Quickly Gretchen spread her news. Quickly the girls accepted the Gretchen plan. Quickly they formed themselves into groups of ten and selected a husband. Quickly the twenty-eight men accepted. What man wouldn’t?
Only Selma Kronk, the homeliest of homely old maids, was left unmated. In indignant dismay she hastened to Frau Werner’s kaffee-klatch and unfolded to the married women assembled there the schreckliche Gretchen plan.
“Impossible!” asserted Frau Stern.
“Unspeakable!” declared Frau Heitner.
“It must not be!” announced Frau Werner.
In outraged wrath they appealed to their husbands to interfere.

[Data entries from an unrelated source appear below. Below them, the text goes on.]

lemma buyer_choice_incentive_compatible:
  assumes "buyer_choice M sel" "v \<in> nonneg_orthant" "w \<in> nonneg_orthant"
  shows "v \<bullet> fst (sel w) - snd (sel w) \<le> v \<bullet> fst (sel v) - snd (sel v)"
  using assms unfolding buyer_choice_def by blast

lemma buyer_choice_price_le_l1norm:
  assumes "is_mechanism M" "buyer_choice M sel" "v \<in> nonneg_orthant"
  shows "snd (sel v) \<le> l1norm v"
  using buyer_choice_individually_rational[OF assms]
    inner_le_l1norm[OF assms(3) buyer_choice_in_unit_cube[OF assms]] by linarith

lemma half_le_gap_of_price_ladder:
  assumes mech: "is_mechanism M" and choice: "buyer_choice M sel"
    and X: "\<And>j. 1 \<le> j \<Longrightarrow> j \<le> i \<Longrightarrow> X j \<in> nonneg_orthant"
    and Q: "Q 0 = 0" "\<And>j. 1 \<le> j \<Longrightarrow> j \<le> i \<Longrightarrow> Q j = fst (sel (X j))"
    and i: "1 \<le> i" and l: "0 \<le> l" "l \<le> snd (sel (X i))"
    and earlier: "\<And>j. 1 \<le> j \<Longrightarrow> j < i \<Longrightarrow> 2 * snd (sel (X j)) \<le> l"
  shows "l / 2 \<le> gap X Q i"
proof (rule le_gap)
  show "0 < i" using i by simp
  fix j assume "j < i"
  show "l / 2 \<le> (Q i - Q j) \<bullet> X i"
  proof (cases "j = 0")
    case True
    then show ?thesis
      using buyer_choice_individually_rational[OF mech choice X[OF i order.refl]] Q i l
      by (simp add: inner_commute)
  next
    case False
    then have j: "1 \<le> j" "j \<le> i" using \<open>j < i\<close> by auto
    have "snd (sel (X i)) - snd (sel (X j)) \<le> (Q i - Q j) \<bullet> X i"
      using buyer_choice_incentive_compatible[OF choice X[OF i order.refl] X[OF j]] Q(2)[OF i order.refl] Q(2)[OF j]
      by (simp add: inner_commute inner_diff_right)
    then show ?thesis using earlier[OF j(1) \<open>j < i\<close>] l by linarith
  qed
qed

lemma sorted_list_of_set_nth_mem:
  assumes "finite J" "i < card J"
  shows "sorted_list_of_set J ! i \<in> J"
  using assms by (metis length_sorted_list_of_set nth_mem set_sorted_list_of_set)

lemma sorted_list_of_set_nth_less:
  assumes "finite J" "j < i" "i < card J"
  shows "sorted_list_of_set J ! j < sorted_list_of_set J ! i"
  using sorted_wrt_nth_less[OF strict_sorted_list_of_set, of j i J] assms by simp

lemma sum_sorted_list_of_set_nth:
  assumes "finite J"
  shows "(\<Sum>n\<in>J. f n) = (\<Sum>i=1..card J. f (sorted_list_of_set J ! (i - 1)))"
proof -
  have "(\<Sum>n\<in>J. f n) = sum_list (map f (sorted_list_of_set J))"
    using assms by (simp add: sum_list_distinct_conv_sum_set)
  also have "\<dots> = (\<Sum>i<card J. f (sorted_list_of_set J ! i))"
    by (simp add: sum_list_sum_nth atLeast0LessThan)
  finally show ?thesis by (simp add: sum.atLeast1_atMost_eq)
qed

text \<open>For points priced in dyadic bands two apart, listed by increasing band, the lower end of
  each band is at least twice every earlier price, so by incentive compatibility each gap is at least
  half that lower end.\<close>
lemma partial_menu_gap_of_price_ladder:
  fixes x :: "nat \<Rightarrow> real^'k"
  assumes mech: "is_mechanism M" and choice: "buyer_choice M sel"
    and J: "finite J" "\<And>m n. m \<in> J \<Longrightarrow> n \<in> J \<Longrightarrow> m < n \<Longrightarrow> m + 2 \<le> n"
    and a: "0 < a"
    and x: "\<And>n. n \<in> J \<Longrightarrow> x n \<in> nonneg_orthant"
    and price: "\<And>n. n \<in> J \<Longrightarrow> a * 2^n \<le> snd (sel (x n)) \<and> snd (sel (x n)) < 2 * (a * 2^n)"
  shows "\<exists>X Q. valid_Q Q \<and> (\<forall>i. 1 \<le> i \<and> i \<le> card J \<longrightarrow> X i \<in> x ` J \<and> X i \<noteq> 0 \<and> 0 \<le> gap X Q i)
    \<and> (\<Sum>n\<in>J. a * 2^n / (2 * l1norm (x n))) \<le> partial_menu_gap X Q (card J)"
proof -
  define idx where "idx i = sorted_list_of_set J ! (i - 1)" for i
  define X where "X i = x (idx i)" for i
  define Q where "Q i = (if i = 0 \<or> card J < i then 0 else fst (sel (X i)))" for i
  define lev where "lev i = a * 2 ^ idx i" for i
  have idx: "idx i \<in> J" if "1 \<le> i" "i \<le> card J" for i
    using sorted_list_of_set_nth_mem[OF J(1)] that unfolding idx_def by simp
  have X: "X i \<in> nonneg_orthant" "lev i \<le> snd (sel (X i))" "snd (sel (X i)) < 2 * lev i"
    if "1 \<le> i" "i \<le> card J" for i
    using x[OF idx[OF that]] price[OF idx[OF that]] unfolding X_def lev_def by auto
  have lev_pos: "0 < lev i" for i unfolding lev_def using a by simp
  have lev_sep: "4 * lev j \<le> lev i" if "1 \<le> j" "j < i" "i \<le> card J" for i j
  proof -
    have "idx j + 2 \<le> idx i"
      using J(2) idx sorted_list_of_set_nth_less[OF J(1), of "j - 1" "i - 1"] that
      unfolding idx_def by simp
    then have "(2::real) ^ (idx j + 2) \<le> 2 ^ idx i" by (rule power_increasing) simp
    then show ?thesis unfolding lev_def using a by (simp add: power_add)
  qed
  have gap: "lev i / 2 \<le> gap X Q i" if "1 \<le> i" "i \<le> card J" for i
  proof (rule half_le_gap_of_price_ladder[OF mech choice])
    show "2 * snd (sel (X j)) \<le> lev i" if "1 \<le> j" "j < i" for j
      using X(3)[of j] lev_sep[of j i] that \<open>i \<le> card J\<close> by simp
  qed (use that X less_imp_le[OF lev_pos] in \<open>simp_all add: Q_def\<close>)
  have norm: "0 < l1norm (X i)" if "1 \<le> i" "i \<le> card J" for i
    using X(2)[OF that] buyer_choice_price_le_l1norm[OF mech choice X(1)[OF that]] lev_pos[of i]
    by linarith
  have "Q i \<in> unit_cube" for i
    using buyer_choice_in_unit_cube[OF mech choice X(1)[of i]] by (auto simp: Q_def unit_cube_def)
  then have "valid_Q Q" by (simp add: valid_Q_def Q_def)
  moreover have "X i \<in> x ` J \<and> X i \<noteq> 0 \<and> 0 \<le> gap X Q i" if "1 \<le> i" "i \<le> card J" for i
    using idx[OF that] gap[OF that] norm[OF that] lev_pos[of i] unfolding X_def by (auto simp: l1norm_def)
  moreover have "(\<Sum>n\<in>J. a * 2^n / (2 * l1norm (x n))) \<le> partial_menu_gap X Q (card J)"
    unfolding sum_sorted_list_of_set_nth[OF J(1)] partial_menu_gap_def
  proof (rule sum_mono)
    fix i assume "i \<in> {1..card J}"
    then have "lev i / 2 \<le> gap X Q i" "0 < l1norm (X i)" using gap norm by auto
    then show "a * 2 ^ (sorted_list_of_set J ! (i - 1)) / (2 * l1norm (x (sorted_list_of_set J ! (i - 1))))
        \<le> gap X Q i / l1norm (X i)"
      unfolding lev_def X_def idx_def
      by (metis divide_divide_eq_left divide_right_mono less_imp_le mult.commute)
  qed
  ultimately show ?thesis by blast
qed
(* Let $G_1,\dots,G_k$ be finitely many graphs which are pairwise consistent, and let $\overline r_1,\dots,\overline r_k$ be pairwise consistent rotation sequences such that the graphs $\overline r_1G_1,\dots,\overline r_kG_k$ are pairwise consistent. Then there exists a rotation sequence $\overline r$ such that $$\bigcup_{i=1}^k\overline r_iG_i=\overline r\bigcup_{i=1}^kG_i.$$
   Context: Fix $n\ge1$, ports $\pi=\{0,\dots,n+1\}$, gluings the odd permutations of $\pi$. A graph $G$ has vertices $V(G)$, semi-edges $S(G)$ (elements $(u\!:\!p)$) and edges $E(G)$ (elements $(u\!:\!p,\gamma,v\!:\!q)$) such that: no $u\!:\!p$ is both a semi-edge and the start of an edge; at most one edge starts at each $u\!:\!p$; each vertex has exactly $n+1$ ports appearing in semi-edges or edges; if $(u\!:\!p,\gamma,v\!:\!q)$ is an edge then $\gamma$ maps the ports of $u$ onto those of $v$, $\gamma(p)=q$, and $(v\!:\!q,\gamma^{-1},u\!:\!p)$ is an edge. Graphs $G,H$ are consistent iff for all $u\in V(G)\cap V(H)$, $i\in\pi$, $v\in V(G)\cup V(H)$, $j\in\pi$ and gluing $\gamma$: ($(u\!:\!i,\gamma,v\!:\!j)\in E(G)$ or $(u\!:\!i)\in S(G)$) iff ($(u\!:\!i,\gamma,v\!:\!j)\in E(H)$ or $(u\!:\!i)\in S(H)$). The union of consistent graphs is taken componentwise on vertices, edges and semi-edges. For a vertex $u$ and an even permutation $\rho$ of $\pi$, the vertex rotation $\rho_u$ replaces each edge $(u\!:\!p,\gamma,v\!:\!q)$ by $(u\!:\!\rho(p),\gamma\circ\rho^{-1},v\!:\!q)$, each edge $(v\!:\!q,\gamma^{-1},u\!:\!p)$ by $(v\!:\!q,\rho\circ\gamma^{-1},u\!:\!\rho(p))$, each semi-edge $(u\!:\!p)$ by $(u\!:\!\rho(p))$, leaving the rest unchanged. A rotation sequence is a finite composition of vertex rotations. Since vertex rotations at distinct vertices commute, for a rotation sequence $\overline r$ and a vertex $u$ one defines $(\overline r/u)$ as the ordered composite of the vertex rotations of $\overline r$ acting at $u$. Two rotation sequences $\overline r_1,\overline r_2$ are consistent iff $(\overline r_1/u)=(\overline r_2/u)$ for every vertex $u$ on which both act. *)

theory Defs
  imports "HOL-Combinatorics.Permutations"
begin

definition ports_set :: "nat \<Rightarrow> nat set" where
  "ports_set n = {0..n+1}"

definition gluing :: "nat \<Rightarrow> (nat \<Rightarrow> nat) \<Rightarrow> bool" where
  "gluing n \<gamma> \<longleftrightarrow> \<gamma> permutes ports_set n \<and> \<not> evenperm \<gamma>"

definition even_rot :: "nat \<Rightarrow> (nat \<Rightarrow> nat) \<Rightarrow> bool" where
  "even_rot n \<rho> \<longleftrightarrow> \<rho> permutes ports_set n \<and> evenperm \<rho>"

text \<open>A graph: vertices, semi-edges (u:p), edges (u:p, gamma, v:q).\<close>
record 'v graph =
  V :: "'v set"
  S :: "('v \<times> nat) set"
  E :: "('v \<times> nat \<times> (nat \<Rightarrow> nat) \<times> 'v \<times> nat) set"

definition vports :: "'v graph \<Rightarrow> 'v \<Rightarrow> nat set" where
  "vports G u = {p. (u, p) \<in> S G \<or> (\<exists>\<gamma> v q. (u, p, \<gamma>, v, q) \<in> E G)}"
definition sums_determine_Max :: "(nat \<Rightarrow> 'a::semigroup_add) \<Rightarrow> bool" where
  "sums_determine_Max y \<longleftrightarrow> (\<forall>H K. finite H \<longrightarrow> H \<noteq> {} \<longrightarrow> finite K \<longrightarrow> K \<noteq> {} \<longrightarrow>
     fsum y H = fsum y K \<longrightarrow> Max H = Max K)"

lemma sums_determine_MaxD:
  "sums_determine_Max y \<Longrightarrow> finite H \<Longrightarrow> H \<noteq> {} \<Longrightarrow> finite K \<Longrightarrow> K \<noteq> {} \<Longrightarrow>
    fsum y H = fsum y K \<Longrightarrow> Max H = Max K"
  unfolding sums_determine_Max_def by blast

lemma sums_determine_MaxI:
  assumes new: "\<And>n. y n \<notin> FS_prefix y n"
    and new_right: "\<And>n s. s \<in> FS_prefix y n \<Longrightarrow> s + y n \<notin> FS_prefix y n"
  shows "sums_determine_Max y"
proof -
  have False if "fsum y H = fsum y K" "Max K < Max H"
    and H: "finite H" "H \<noteq> {}" and K: "finite K" "K \<noteq> {}" for H K
  proof -
    define n where "n = Max H"
    have "K \<subseteq> {..<n}" using K \<open>Max K < Max H\<close> by (auto simp: n_def)
    then have K_prefix: "fsum y K \<in> FS_prefix y n" using K by (auto simp: FS_prefix_def)
    show False
    proof (cases "H = {n}")
      case True
      then show False using new [of n] K_prefix \<open>fsum y H = fsum y K\<close> by simp
    next
      case False
      define H' where "H' = H - {n}"
      have "n \<in> H" using H by (simp add: n_def)
      then have H_split: "H = H' \<union> {n}" and "H' \<noteq> {}" using False by (auto simp: H'_def)
      have "H' \<subseteq> {..<n}" using H by (auto simp: H'_def n_def order.not_eq_order_implies_strict)
      then have "fsum y H' \<in> FS_prefix y n" using \<open>H' \<noteq> {}\<close> by (auto simp: FS_prefix_def)
      moreover have "fsum y H = fsum y H' + y n"
        using H_split H \<open>H' \<noteq> {}\<close> \<open>H' \<subseteq> {..<n}\<close> by (subst H_split, subst fsum_Un_less) auto
      ultimately show False using new_right K_prefix \<open>fsum y H = fsum y K\<close> by metis
    qed
  qed
  then show ?thesis unfolding sums_determine_Max_def by (metis linorder_neqE_nat)
qed

lemma fsum_blocks:
  assumes blocks: "\<And>i. finite (H i)" "\<And>i. H i \<noteq> {}"
    and ordered: "\<And>i j a b. i < j \<Longrightarrow> a \<in> H i \<Longrightarrow> b \<in> H j \<Longrightarrow> a < b"
    and "finite K" "K \<noteq> {}"
  shows "fsum (\<lambda>i. fsum x (H i)) K = fsum x (\<Union>i\<in>K. H i)"
  using \<open>finite K\<close> \<open>K \<noteq> {}\<close>
proof (induction K rule: finite_linorder_max_induct)
  case (insert b K)
  show ?case
  proof (cases "K = {}")
    case False
    have "fsum (\<lambda>i. fsum x (H i)) (K \<union> {b}) = fsum x (\<Union>i\<in>K. H i) + fsum x (H b)"
      using insert False by (subst fsum_Un_less) auto
    also have "\<dots> = fsum x ((\<Union>i\<in>K. H i) \<union> H b)"
      using insert False blocks ordered by (subst fsum_Un_less) auto
    finally show ?thesis by (simp add: Un_commute)
  qed simp
qed simp

lemma FS_blocks_subset:
  assumes "\<And>i. finite (H i)" "\<And>i. H i \<noteq> {}"
    and "\<And>i j a b. i < j \<Longrightarrow> a \<in> H i \<Longrightarrow> b \<in> H j \<Longrightarrow> a < b"
  shows "FS (\<lambda>i. fsum x (H i)) \<subseteq> FS x"
proof
  fix t assume "t \<in> FS (\<lambda>i. fsum x (H i))"
  then obtain K where K: "finite K" "K \<noteq> {}" "t = fsum (\<lambda>i. fsum x (H i)) K"
    unfolding FS_def by blast
  then have "t = fsum x (\<Union>i\<in>K. H i)" using fsum_blocks [OF assms] by simp
  moreover have "finite (\<Union>i\<in>K. H i)" "(\<Union>i\<in>K. H i) \<noteq> {}" using K assms(1,2) by auto
  ultimately show "t \<in> FS x" unfolding FS_def by blast
qed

“It is for the good of the Fatherland,” the husbands one and all declared. “What man would not have ten wives if he could?”
They appealed to the Mayor, to the Governor, even to the Kaiser himself, but in vain. To a man they welcomed the idea.
So the Gretchen plan was carried out. Each war hero took ten wives, not only in Eisen, but throughout the land.
Nevertheless, Frau Werner and the other aggrieved respectable advocates of monogamy had their revenge.
As invariably happens after a war, all the babies born were boy babies.
“Aha!” cried Frau Werner exultantly, as each new birth was announced. “Twenty years from now there will not be women enough to go around. Each wife then will have to have ten husbands. I wonder how the men will like that?”